A droits connexes locaux constants, le revenu de solidarité active (RSA) a des effets « très nets » sur les gains du retour à l’emploi, conclut une étude de Denis Anne et Yannick L’Horty, chercheurs au Centre d’études de l’emploi, publiée dans la dernière livraison d’Economie et statistique de l’INSEE (1). Partant de l’hypothèse que les aides auparavant accordées aux allocataires du revenu minimum d’insertion (RMI) l’étaient désormais aux bénéficiaires du RSA, l’étude, qui se fonde sur des simulations faites à partir d’un échantillon de 13 villes et de sept configurations familiales, montre que le RSA fait disparaître dans quasiment tous les cas « les zones pour lesquelles le revenu disponible du ménage type pouvait être inférieur à celui obtenu sans revenu d’activité ». Ce que ne permettait pas le RMI, même en prenant en compte l’intéressement. Pour ses allocataires, l’équivalent annuel d’un emploi à mi-temps au SMIC n’était pas suffisant pour compenser la perte des revenus d’assistance, quelle que soit la configuration familiale. Un emploi à temps complet au SMIC ne l’était pas non plus pour les ménages avec deux enfants ou plus.

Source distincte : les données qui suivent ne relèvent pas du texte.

(* Let $\mathcal{A}$ be an association scheme with splitting field $L$ and let $E\subseteq\mathbb{C}$ be a field containing $L$ that is closed under complex conjugation. A non-zero $E$-linear map $\psi:E[\mathcal{A}]\to E[\mathcal{A}]$ is a Bose–Mesner algebra automorphism of $E[\mathcal{A}]$ if and only if $(MN)^\psi=M^\psi N^\psi$ and $(M\circ N)^\psi=M^\psi\circ N^\psi$ for all $M,N\in E[\mathcal{A}]$.
   Context: An association scheme on $v$ vertices is a set $\mathcal{A}=\{A_0,\ldots,A_d\}$ of $v\times v$ $(0,1)$-matrices with $A_0=I$, $\sum_iA_i=J$, closed under transpose, pairwise commuting, and with all products $A_iA_j$ in the span of $\mathcal{A}$. Its principal idempotents $E_0,\ldots,E_d$ are the pairwise orthogonal Hermitian idempotents summing to $I$ that form a basis of the span, with $A_iE_j=p_i(j)E_j$; the splitting field $L$ is $\mathbb{Q}(p_i(j): i,j)$. $E[\mathcal{A}]$ is the $E$-span of $\mathcal{A}$ and $\circ$ is the Schur (entrywise) product. An $E$-linear map $\psi$ on $E[\mathcal{A}]$ is a Bose–Mesner algebra automorphism if for all $M,N\in E[\mathcal{A}]$: $(MN)^\psi=M^\psi N^\psi$, $(M\circ N)^\psi=M^\psi\circ N^\psi$, $\psi$ is invertible, and $(M^* )^\psi=(M^\psi)^*$ ($M^*$ the conjugate transpose). *)

theory Defs
  imports "HOL-Analysis.Analysis"
begin

text \<open>Complex v x v matrices are represented as complex^'n^'n, where the
finite type 'n is the vertex set (v = CARD('n)).  An association scheme
with d classes is an indexed family A 0, ..., A d.\<close>

type_synonym 'n cmat = "complex ^'n ^'n"

definition smult_mat :: "complex \<Rightarrow> 'n::finite cmat \<Rightarrow> 'n cmat" (infixr "*\<^sub>m" 75) where
  "c *\<^sub>m M = (\<chi> i j. c * M $ i $ j)"

definition schur :: "'n::finite cmat \<Rightarrow> 'n cmat \<Rightarrow> 'n cmat" (infixl "\<circ>\<^sub>S" 70) where
  "M \<circ>\<^sub>S N = (\<chi> i j. M $ i $ j * N $ i $ j)"

definition ctrans :: "'n::finite cmat \<Rightarrow> 'n cmat" where
  "ctrans M = (\<chi> i j. cnj (M $ j $ i))"

definition all_ones :: "'n::finite cmat" where
  "all_ones = (\<chi> i j. 1)"

definition zero_one_mat :: "'n::finite cmat \<Rightarrow> bool" where
  "zero_one_mat M \<longleftrightarrow> (\<forall>i j. M $ i $ j = 0 \<or> M $ i $ j = 1)"

definition span_over :: "complex set \<Rightarrow> nat \<Rightarrow> (nat \<Rightarrow> 'n::finite cmat) \<Rightarrow> 'n cmat set" where
  "span_over K d B = {M. \<exists>c. (\<forall>k\<le>d. c k \<in> K) \<and> M = (\<Sum>k\<le>d. c k *\<^sub>m B k)}"

definition assoc_scheme :: "nat \<Rightarrow> (nat \<Rightarrow> 'n::finite cmat) \<Rightarrow> bool" where
  "assoc_scheme d A \<longleftrightarrow>
     A 0 = mat 1 \<and>
     (\<forall>i\<le>d. zero_one_mat (A i) \<and> A i \<noteq> 0) \<and>
     (\<Sum>i\<le>d. A i) = all_ones \<and>
     (\<forall>i\<le>d. \<exists>j\<le>d. transpose (A i) = A j) \<and>
     (\<forall>i\<le>d. \<forall>j\<le>d. A i ** A j = A j ** A i) \<and>
     (\<forall>i\<le>d. \<forall>j\<le>d. A i ** A j \<in> span_over UNIV d A)"

definition principal_idempotents :: "nat \<Rightarrow> (nat \<Rightarrow> 'n::finite cmat) \<Rightarrow> (nat \<Rightarrow> 'n cmat) \<Rightarrow> bool" where
  "principal_idempotents d A Ep \<longleftrightarrow>
     (\<forall>j\<le>d. Ep j ** Ep j = Ep j \<and> ctrans (Ep j) = Ep j \<and> Ep j \<noteq> 0) \<and>
     (\<forall>j\<le>d. \<forall>k\<le>d. j \<noteq> k \<longrightarrow> Ep j ** Ep k = 0) \<and>
     (\<Sum>j\<le>d. Ep j) = mat 1 \<and>
     span_over UNIV d Ep = span_over UNIV d A \<and>
     (\<forall>c. (\<Sum>j\<le>d. c j *\<^sub>m Ep j) = 0 \<longrightarrow> (\<forall>j\<le>d. c j = 0))"

definition scheme_eigenvalues :: "nat \<Rightarrow> (nat \<Rightarrow> 'n::finite cmat) \<Rightarrow> complex set" where
  "scheme_eigenvalues d A = {p. \<exists>Ep. principal_idempotents d A Ep \<and>
       (\<exists>i\<le>d. \<exists>j\<le>d. A i ** Ep j = p *\<^sub>m Ep j)}"

definition is_subfield :: "complex set \<Rightarrow> bool" where
  "is_subfield K \<longleftrightarrow> 0 \<in> K \<and> 1 \<in> K \<and>
     (\<forall>x\<in>K. \<forall>y\<in>K. x + y \<in> K \<and> x - y \<in> K \<and> x * y \<in> K) \<and>
     (\<forall>x\<in>K. x \<noteq> 0 \<longrightarrow> inverse x \<in> K)"

definition splitting_field :: "nat \<Rightarrow> (nat \<Rightarrow> 'n::finite cmat) \<Rightarrow> complex set" where
  "splitting_field d A = \<Inter>{K. is_subfield K \<and> scheme_eigenvalues d A \<subseteq> K}"

definition E_linear_on :: "complex set \<Rightarrow> 'n::finite cmat set \<Rightarrow> ('n cmat \<Rightarrow> 'n cmat) \<Rightarrow> bool" where
  "E_linear_on K S \<psi> \<longleftrightarrow> (\<forall>M\<in>S. \<psi> M \<in> S) \<and>
     (\<forall>M\<in>S. \<forall>N\<in>S. \<psi> (M + N) = \<psi> M + \<psi> N) \<and>
     (\<forall>c\<in>K. \<forall>M\<in>S. \<psi> (c *\<^sub>m M) = c *\<^sub>m \<psi> M)"

definition BM_automorphism :: "complex set \<Rightarrow> nat \<Rightarrow> (nat \<Rightarrow> 'n::finite cmat) \<Rightarrow> ('n cmat \<Rightarrow> 'n cmat) \<Rightarrow> bool" where
  "BM_automorphism K d A \<psi> \<longleftrightarrow>
     (let S = span_over K d A in
       E_linear_on K S \<psi> \<and>
       (\<forall>M\<in>S. \<forall>N\<in>S. \<psi> (M ** N) = \<psi> M ** \<psi> N) \<and>
       (\<forall>M\<in>S. \<forall>N\<in>S. \<psi> (M \<circ>\<^sub>S N) = \<psi> M \<circ>\<^sub>S \<psi> N) \<and>
       bij_betw \<psi> S S \<and>
       (\<forall>M\<in>S. \<psi> (ctrans M) = ctrans (\<psi> M)))"
lemma integral_uniform_measure:
  fixes f :: "'a \<Rightarrow> real"
  assumes S: "S \<in> sets M" and pos: "0 < measure M S" and f: "f \<in> borel_measurable M"
  shows "(\<integral>x. f x \<partial>uniform_measure M S) = (\<integral>x. indicator S x * f x \<partial>M) / measure M S"
proof -
  have "emeasure M S = ennreal (measure M S)"
    using pos by (intro emeasure_eq_ennreal_measure) (auto simp: measure_def)
  then have "indicator S x / emeasure M S = ennreal (indicator S x / measure M S)" for x
    using divide_ennreal[of 1 "measure M S"] pos by (simp split: split_indicator)
  then have "uniform_measure M S = density M (\<lambda>x. ennreal (indicator S x / measure M S))"
    unfolding uniform_measure_def by simp
  then have "(\<integral>x. f x \<partial>uniform_measure M S) = (\<integral>x. (indicator S x / measure M S) *\<^sub>R f x \<partial>M)"
    using S f pos by (simp add: integral_density)
  then show ?thesis by simp
qed

lemma translation_eq_affine:
  "(\<lambda>x. r + (\<Sum>j\<in>Basis. (1 * (x \<bullet> j)) *\<^sub>R j)) = (\<lambda>x::'a::euclidean_space. r + x)"
  by (simp add: euclidean_representation)

lemma lebesgue_measurable_translate: "(\<lambda>x::'a::euclidean_space. r + x) \<in> lebesgue \<rightarrow>\<^sub>M lebesgue"
  using lebesgue_affine_measurable[of "\<lambda>_. 1" r] unfolding translation_eq_affine by simp

lemma integral_lebesgue_translate:
  fixes F :: "'a::euclidean_space \<Rightarrow> real"
  assumes F: "F \<in> borel_measurable lebesgue"
  shows "(\<integral>x. F (r + x) \<partial>lebesgue) = (\<integral>x. F x \<partial>lebesgue)"
proof -
  have "lebesgue = distr lebesgue lebesgue (\<lambda>x::'a. r + x)"
    using lebesgue_affine_euclidean[of "\<lambda>_. 1" r] unfolding translation_eq_affine by (simp add: density_1)
  then show ?thesis
    using integral_distr[OF lebesgue_measurable_translate F] by metis
qed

Toutefois, les effets positifs du RSA sont susceptibles d’être contrecarrés par les ajustements éventuels de l’offre locale d’aides sociales. L’hypothèse d’une stabilisation des barèmes semble en effet peu probable. Le point de sortie du RSA (1,04 SMIC pour une personne isolée) étant largement supérieur à celui du RMI, les aides octroyées sous condition de statut doivent être versées à un bien plus grand nombre de ménages touchant le RSA. Il est donc à prévoir que les collectivités « seront amenées à réformer leurs aides sociales, dès lors qu’elles subiront les conséquences budgétaires du passage au RSA ».
Or, en raisonnant à coût constant, plusieurs possibilités d’ajustement sont envisageables. Un recentrage des aides sur les ménages les plus démunis augmenterait leur revenu disponible mais produirait des effets dommageables sur les gains du retour à l’emploi. « Ce scénario est dès lors le plus défavorable du point de vue des objectifs poursuivis par le RSA. » Le scénario inverse d’étalement des aides locales moins généreuses sur un plus grand nombre de bénéficiaires permettrait « d’éviter de recreuser localement les pièges à pauvreté » mais ferait aussi des perdants. Finalement, « il ne paraît pas possible de raisonner à la fois à budget constant, sans faire de perdant et en ayant des effets favorables sur les gains de retour à l’emploi », constate l’étude. Issue possible : ne pas se contenter de modifier les paramètres des aides (montant du transfert, niveau du plafond) et modifier aussi leurs conditions d’attribution. « Une possibilité consiste à supprimer les aides sous condition de statut puisque, dans tous les scénarios, ces aides sont celles qui causent le plus de difficultés, et de les transformer en aides sous condition de ressources avec des barèmes qui satisfont aux différentes contraintes. » Au prix d’une plus grande complexité dans la gestion de ces derniers, ce scénario, en supprimant pratiquement tous les effets de seuil et en ne présentant pas d’effet négatif sur le retour à l’emploi, « illustre a priori une réforme cohérente avec la réforme nationale du RSA ». S’il y a précisément dans ce cas de figure des baisses de revenus de transferts pour les travailleurs les plus pauvres, elles « sont plus que compensées par le supplément de revenu lié au RSA de telle sorte qu’au total, il n’y a pas de perdant ». Partant de ces travaux, les auteurs ont lancé une enquête nationale afin de suivre les ajustements des politiques sociales locales, dont les résultats devraient être connus d’ici à fin septembre.